Beide Teams treffen (BTTS) – Bundesliga-Statistiken

Beide Teams treffen BTTS Bundesliga – Statistiken und Paarungsanalyse

Wenn beide treffen

Both Teams to Score — kurz BTTS — ist einer der klarsten und transparentesten Wettmärkte der Bundesliga. Kein Sieger nötig, kein Ergebnis, keine Torlinie. Die einzige Frage lautet: Treffen beide Mannschaften mindestens einmal? Ja oder Nein. Diese Binärstruktur macht BTTS zu einem Markt, der sich außergewöhnlich gut mit Daten analysieren lässt — und gleichzeitig zu einem Markt, den viele Wettende aus Bequemlichkeit unterschätzen.
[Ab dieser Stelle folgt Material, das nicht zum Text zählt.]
lemma mpoly_mult_expand:
  "(p::mpoly) * q = (\<Sum>\<alpha>\<in>PM_keys p. \<Sum>\<beta>\<in>PM_keys q. PM_single (\<alpha> + \<beta>) (PM_lookup p \<alpha> * PM_lookup q \<beta>))"
proof -
  have "p * q = (\<Sum>\<alpha>\<in>PM_keys p. PM_single \<alpha> (PM_lookup p \<alpha>)) * (\<Sum>\<beta>\<in>PM_keys q. PM_single \<beta> (PM_lookup q \<beta>))"
    using poly_mapping_sum_single[of p] poly_mapping_sum_single[of q] by simp
  also have "\<dots> = (\<Sum>\<alpha>\<in>PM_keys p. \<Sum>\<beta>\<in>PM_keys q. PM_single \<alpha> (PM_lookup p \<alpha>) * PM_single \<beta> (PM_lookup q \<beta>))"
    by (simp add: sum_distrib_left sum_distrib_right) (rule sum.swap)
  finally show ?thesis by (simp add: mult_single)
qed

lemma swp_mult: "swp i (p * q) = swp i p * swp i q"
proof -
  have "swp i (p * q) = (\<Sum>\<alpha>\<in>PM_keys p. \<Sum>\<beta>\<in>PM_keys q.
          PM_single (swap_exps i \<alpha> + swap_exps i \<beta>) (PM_lookup p \<alpha> * PM_lookup q \<beta>))"
    by (subst mpoly_mult_expand) (simp add: swp_sum swp_single swap_exps_add)
  also have "\<dots> = (\<Sum>\<alpha>\<in>PM_keys p. PM_single (swap_exps i \<alpha>) (PM_lookup p \<alpha>))
                 * (\<Sum>\<beta>\<in>PM_keys q. PM_single (swap_exps i \<beta>) (PM_lookup q \<beta>))"
    by (simp add: sum_distrib_left sum_distrib_right mult_single) (rule sum.swap)
  also have "\<dots> = swp i p * swp i q"
    by (subst (3) poly_mapping_sum_single, subst (4) poly_mapping_sum_single) (simp add: swp_sum swp_single)
  finally show ?thesis .
qed

lemma swp_one [simp]: "swp i 1 = 1"
  using swp_single[of i 0 1] by simp

lemma swp_X: "swp i (X k) = X (tr i k)"
  by (simp add: X_def swp_single swap_exps_single)

definition mpoly_hom :: "(mpoly \<Rightarrow> mpoly) \<Rightarrow> bool" where
  "mpoly_hom \<phi> \<longleftrightarrow> (\<forall>x y. \<phi> (x + y) = \<phi> x + \<phi> y) \<and> (\<forall>x y. \<phi> (x * y) = \<phi> x * \<phi> y) \<and> \<phi> 1 = 1"

lemma mpoly_hom_swp: "mpoly_hom (swp i)"
  by (simp add: mpoly_hom_def swp_add swp_mult)

lemma mpoly_hom_id: "mpoly_hom (\<lambda>x. x)"
  by (simp add: mpoly_hom_def)

context
  fixes \<phi> :: "mpoly \<Rightarrow> mpoly"
  assumes \<phi>: "mpoly_hom \<phi>"
begin

lemma mpoly_hom_add: "\<phi> (x + y) = \<phi> x + \<phi> y"
  using \<phi> by (simp add: mpoly_hom_def)

lemma mpoly_hom_mult: "\<phi> (x * y) = \<phi> x * \<phi> y"
  using \<phi> by (simp add: mpoly_hom_def)

lemma mpoly_hom_one: "\<phi> 1 = 1"
  using \<phi> by (simp add: mpoly_hom_def)

lemma mpoly_hom_zero: "\<phi> 0 = 0"
  using mpoly_hom_add[of 0 0] by simp

lemma mpoly_hom_uminus: "\<phi> (- x) = - \<phi> x"
  using mpoly_hom_add[of x "- x"] mpoly_hom_zero by (simp add: eq_neg_iff_add_eq_0 add.commute)

lemma mpoly_hom_diff: "\<phi> (x - y) = \<phi> x - \<phi> y"
  using mpoly_hom_add[of x "- y"] mpoly_hom_uminus[of y] by simp

lemma mpoly_hom_sum: "\<phi> (sum f A) = (\<Sum>a\<in>A. \<phi> (f a))"
  by (induction A rule: infinite_finite_induct) (simp_all add: mpoly_hom_zero mpoly_hom_add)

lemma mpoly_hom_prod: "\<phi> (prod f A) = (\<Prod>a\<in>A. \<phi> (f a))"
  by (induction A rule: infinite_finite_induct) (simp_all add: mpoly_hom_one mpoly_hom_mult)

lemma mpoly_hom_power: "\<phi> (x ^ k) = \<phi> x ^ k"
  by (induction k) (simp_all add: mpoly_hom_one mpoly_hom_mult)

lemma mpoly_hom_neg_one_power: "\<phi> ((-1) ^ k) = (-1) ^ k"
  by (simp add: mpoly_hom_power mpoly_hom_uminus mpoly_hom_one)

end

lemmas swp_uminus [simp] = mpoly_hom_uminus[OF mpoly_hom_swp]
  and swp_neg_one_power [simp] = mpoly_hom_neg_one_power[OF mpoly_hom_swp]
  and swp_diff = mpoly_hom_diff[OF mpoly_hom_swp]
  and swp_prod = mpoly_hom_prod[OF mpoly_hom_swp]
  and swp_power = mpoly_hom_power[OF mpoly_hom_swp]

definition vars_in :: "nat set \<Rightarrow> mpoly set" where
  "vars_in A = {p. \<forall>\<alpha>\<in>PM_keys p. PM_keys \<alpha> \<subseteq> A}"

lemma Pn_eq_vars_in: "Pn n = vars_in {1..n}"
  by (simp add: Pn_def vars_in_def)

lemma vars_in_add: "p \<in> vars_in A \<Longrightarrow> q \<in> vars_in A \<Longrightarrow> p + q \<in> vars_in A"
  unfolding vars_in_def using keys_add[of p q] by blast

lemma vars_in_uminus: "p \<in> vars_in A \<Longrightarrow> - p \<in> vars_in A"
  unfolding vars_in_def by simp

lemma vars_in_diff: "p \<in> vars_in A \<Longrightarrow> q \<in> vars_in A \<Longrightarrow> p - q \<in> vars_in A"
  unfolding diff_conv_add_uminus by (intro vars_in_add vars_in_uminus)

lemma vars_in_const [simp]: "PM_single 0 c \<in> vars_in A"
  unfolding vars_in_def by simp

lemma vars_in_zero [simp]: "0 \<in> vars_in A"
  using vars_in_const[of 0] by simp

lemma vars_in_one [simp]: "1 \<in> vars_in A"
  using vars_in_const[of 1] by simp

lemma keys_add_exps: "PM_keys ((\<alpha>::nat \<Rightarrow>\<^sub>0 nat) + \<beta>) = PM_keys \<alpha> \<union> PM_keys \<beta>"
  by (rule set_eqI) (simp add: in_keys_iff lookup_add)

lemma vars_in_mult: "p \<in> vars_in A \<Longrightarrow> q \<in> vars_in A \<Longrightarrow> p * q \<in> vars_in A"
  unfolding vars_in_def using keys_mult[of p q] by (fastforce simp: keys_add_exps)

lemma vars_in_X: "k \<in> A \<Longrightarrow> X k \<in> vars_in A"
  unfolding vars_in_def X_def by simp

lemma vars_in_sum: "(\<And>a. a \<in> B \<Longrightarrow> f a \<in> vars_in A) \<Longrightarrow> sum f B \<in> vars_in A"
  by (induction B rule: infinite_finite_induct) (simp_all add: vars_in_add)

lemma vars_in_prod: "(\<And>a. a \<in> B \<Longrightarrow> f a \<in> vars_in A) \<Longrightarrow> prod f B \<in> vars_in A"
  by (induction B rule: infinite_finite_induct) (simp_all add: vars_in_mult)

lemma vars_in_power: "p \<in> vars_in A \<Longrightarrow> p ^ m \<in> vars_in A"
  by (induction m) (simp_all add: vars_in_mult)

lemma vars_in_neg_one_power [simp]: "(-1) ^ m \<in> vars_in A"
  by (intro vars_in_power vars_in_uminus vars_in_one)

lemma vars_in_mono: "p \<in> vars_in A \<Longrightarrow> A \<subseteq> B \<Longrightarrow> p \<in> vars_in B"
  unfolding vars_in_def by blast

lemma X_power: "X k ^ e = PM_single (PM_single k e) 1"
  by (induction e) (simp_all add: X_def mult_single single_add[symmetric] add.commute)

lemma prod_X_power: "finite K \<Longrightarrow> (\<Prod>k\<in>K. X k ^ f k) = PM_single (\<Sum>k\<in>K. PM_single k (f k)) 1"
  by (induction K rule: finite_induct) (simp_all add: X_power mult_single)

lemma vars_in_induct [consumes 1, case_names add mult const var]:
  assumes p: "p \<in> vars_in A"
    and add: "\<And>p q. p \<in> vars_in A \<Longrightarrow> q \<in> vars_in A \<Longrightarrow> P p \<Longrightarrow> P q \<Longrightarrow> P (p + q)"
    and mult: "\<And>p q. p \<in> vars_in A \<Longrightarrow> q \<in> vars_in A \<Longrightarrow> P p \<Longrightarrow> P q \<Longrightarrow> P (p * q)"
    and const: "\<And>c. P (PM_single 0 c)"
    and var: "\<And>k. k \<in> A \<Longrightarrow> P (X k)"
  shows "P p"
proof -
  define Q where "Q p \<longleftrightarrow> p \<in> vars_in A \<and> P p" for p
  have Q_add: "Q (p + q)" and Q_mult: "Q (p * q)" if "Q p" "Q q" for p q
    using that add mult by (auto simp: Q_def intro: vars_in_add vars_in_mult)
  have Q_const: "Q (PM_single 0 c)" for c
    using const by (simp add: Q_def)
  have sum: "Q (sum f B)" if "\<And>b. b \<in> B \<Longrightarrow> Q (f b)" for f :: "_ \<Rightarrow> mpoly" and B
    using that by (induction B rule: infinite_finite_induct) (simp_all add: Q_add Q_const[of 0, simplified])
  have prod: "Q (prod f B)" if "\<And>b. b \<in> B \<Longrightarrow> Q (f b)" for f :: "_ \<Rightarrow> mpoly" and B
    using that by (induction B rule: infinite_finite_induct) (simp_all add: Q_mult Q_const[of 1, simplified])
  have power: "Q (q ^ m)" if "Q q" for q m
    using that by (induction m) (simp_all add: Q_mult Q_const[of 1, simplified])
  have monomial: "Q (PM_single \<alpha> c)" if "PM_keys \<alpha> \<subseteq> A" for \<alpha> c
  proof -
    have "PM_single \<alpha> (1::rat) = (\<Prod>k\<in>PM_keys \<alpha>. X k ^ PM_lookup \<alpha> k)"
      by (subst prod_X_power) (simp_all, metis poly_mapping_sum_single)
    moreover have "Q (\<Prod>k\<in>PM_keys \<alpha>. X k ^ PM_lookup \<alpha> k)"
      using that var by (intro prod power) (auto simp: Q_def intro: vars_in_X)
    ultimately have "Q (PM_single 0 c * PM_single \<alpha> 1)" by (simp add: Q_mult Q_const)
    then show ?thesis by (simp add: mult_single)
  qed
  have "Q (\<Sum>\<alpha>\<in>PM_keys p. PM_single \<alpha> (PM_lookup p \<alpha>))"
    using p by (intro sum monomial) (auto simp: vars_in_def)
  then show ?thesis by (metis Q_def poly_mapping_sum_single)
qed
Die Bundesliga bietet für BTTS ein ideales Umfeld. Mit einem der höchsten Torschnitte unter den europäischen Top-Ligen und einer offensiven Spielphilosophie, die sich durch fast alle Mannschaften zieht, treffen beide Teams in der Bundesliga häufiger als in den meisten anderen Wettbewerben. Das ist kein Zufall, sondern ein strukturelles Merkmal der Liga — das Ergebnis eines taktischen Selbstverständnisses, das Offensive belohnt und das sich für informierte Wetter in klare Value-Gelegenheiten übersetzen lässt.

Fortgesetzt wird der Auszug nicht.